Coney Island Parachute Jump agosto 9, 2010Posted by christian saucedo in Illumination of structures.
Tags: Illumination of structures, Illumination of structures- Auto active
Tipo. Iluminación de estructuras – autoactiva
Autor. Leni Schwendinger
Autor instalación. Leni Schwendinger Light Projects
Edificio. Coney Island Parachute Jump
Ciudad. Brooklyn, NY
For anyone who remembers the Parachute Jump’s decay over the years since Coney Island’s Steeplechase Park closed in 1964, Leni Schwendinger’s lighting scheme signals the start of a whole new life for the 277-foot steel tower. With the flip of a switch, the world’s most famous retired amusement ride added “public art project” to its impressive resume: 1939 New York World’s Fair attraction, Steeplechase Park’s sole survivor, New York City landmark, Brooklyn’s Eiffel Tower, symbol of Coney Island’s revitalization.
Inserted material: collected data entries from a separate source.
(* Let $\mathcal X$ be a finite alphabet, $\widehat q$ a probability vector on $\mathcal X$, and $p$ a probability measure on the nonnegative integers with mean one. Define $q(c)=p(n)\prod_{i=1}^n\widehat q(a_i)$ for $c=(n,a_1,\dots,a_n)\in\mathcal X^*$. Then for every $\phi:\mathcal X\to[0,\infty)$, with $z=\sum_{b\in\mathcal X}\phi(b)$, $$\inf\Big\{H(\widetilde\nu\,\|\,q):\widetilde\nu\in\mathcal M(\mathcal X^* ),\ \phi(b)=\sum_{c\in\mathcal X^*}m(b,c)\widetilde\nu(c)\text{ for all }b\in\mathcal X\Big\}=z\,H(\phi/z\,\|\,\widehat q)+I_p(z),$$ where $I_p(x)=\sup_{\lambda\in\mathbb R}\{\lambda x-\log\sum_{n=0}^\infty p(n)e^{\lambda n}\}$ (and the term $zH(\phi/z\,\|\,\widehat q)$ is interpreted as $0$ when $z=0$).
   Context: $\mathcal X^*=\bigcup_{n\ge0}\{n\}\times\mathcal X^n$ with elements $c=(n,a_1,\dots,a_n)$; $m(b,c)=\sum_{i=1}^n\mathbf 1\{a_i=b\}$. $\mathcal M(\mathcal X^* )$ is the set of probability measures on $\mathcal X^*$; $H$ is relative entropy. *)

theory Defs
  imports "HOL-Analysis.Analysis"
begin

text \<open>Words c = (n, a_1, ..., a_n) in X^* are represented as lists (n = length c).\<close>

definition mult :: "'a \<Rightarrow> 'a list \<Rightarrow> nat" where
  "mult b c = count_list c b"

text \<open>Relative entropy H(nu || mu) of (countably supported) probability vectors, with values in
  [0, infinity]: 0 log 0 = 0, and it is infinite if nu is not absolutely continuous w.r.t. mu or
  the series does not converge (absolutely).\<close>
definition relent :: "('b \<Rightarrow> real) \<Rightarrow> ('b \<Rightarrow> real) \<Rightarrow> ereal" where
  "relent \<nu> \<mu> =
     (if (\<forall>x. \<nu> x > 0 \<longrightarrow> \<mu> x > 0) \<and> (\<lambda>x. \<nu> x * ln (\<nu> x / \<mu> x)) summable_on UNIV
      then ereal (\<Sum>\<^sub>\<infinity>x. \<nu> x * ln (\<nu> x / \<mu> x)) else \<infinity>)"

definition is_prob :: "('b \<Rightarrow> real) \<Rightarrow> bool" where
  "is_prob \<nu> \<longleftrightarrow> (\<forall>x. \<nu> x \<ge> 0) \<and> (\<nu> has_sum 1) UNIV"

definition qword :: "(nat \<Rightarrow> real) \<Rightarrow> ('a \<Rightarrow> real) \<Rightarrow> 'a list \<Rightarrow> real" where
  "qword p qh c = p (length c) * prod_list (map qh c)"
The illumination caps a $5 million structural refurbishment of the city-owned tower by engineers and architects from STV that began in 2002. The team had to dismantle the structure to work on lead paint abatement before using specially formulated paint to restore the Jump’s landmark colors of red and yellow and to protect it from the elements. When Brooklyn Borough President Marty Markowitz’s idea of returning the ride to operation proved too costly (an estimated $40 million, according to his office), STV commissioned Leni Schwendinger Light Projects to illuminate the tower.
Calling it “a luminous leap for Brooklyn” at the July 7 premiere, Markowitz said, “The Parachute Jump will be a beacon of light for this and future generations, harking and heralding Coney Island as a place where legends are made and dreams come true.” The initial “light performance” previewed six different electronically programmed sequences themed to the season (on-season weekday and weekend, off-season), special occasion (“Americana” and “Kaleidoscope”) and lunar cycle (full moon, waxing and waning moon). Recently we talked with Schwendinger about the aesthetic and technical challenges of the project, the public reaction, and future possibilities for the Jump.
Lighting systems include color-changing floodlights and custom-designed light emitting diodes (LED). Brightly sparkling LEDs, defining the canopy of the tower and the tower itself, are programmed to animate a calendar of sequences, playing nightly to identify on-and-off boardwalk seasons, full-moon cycles and holidays.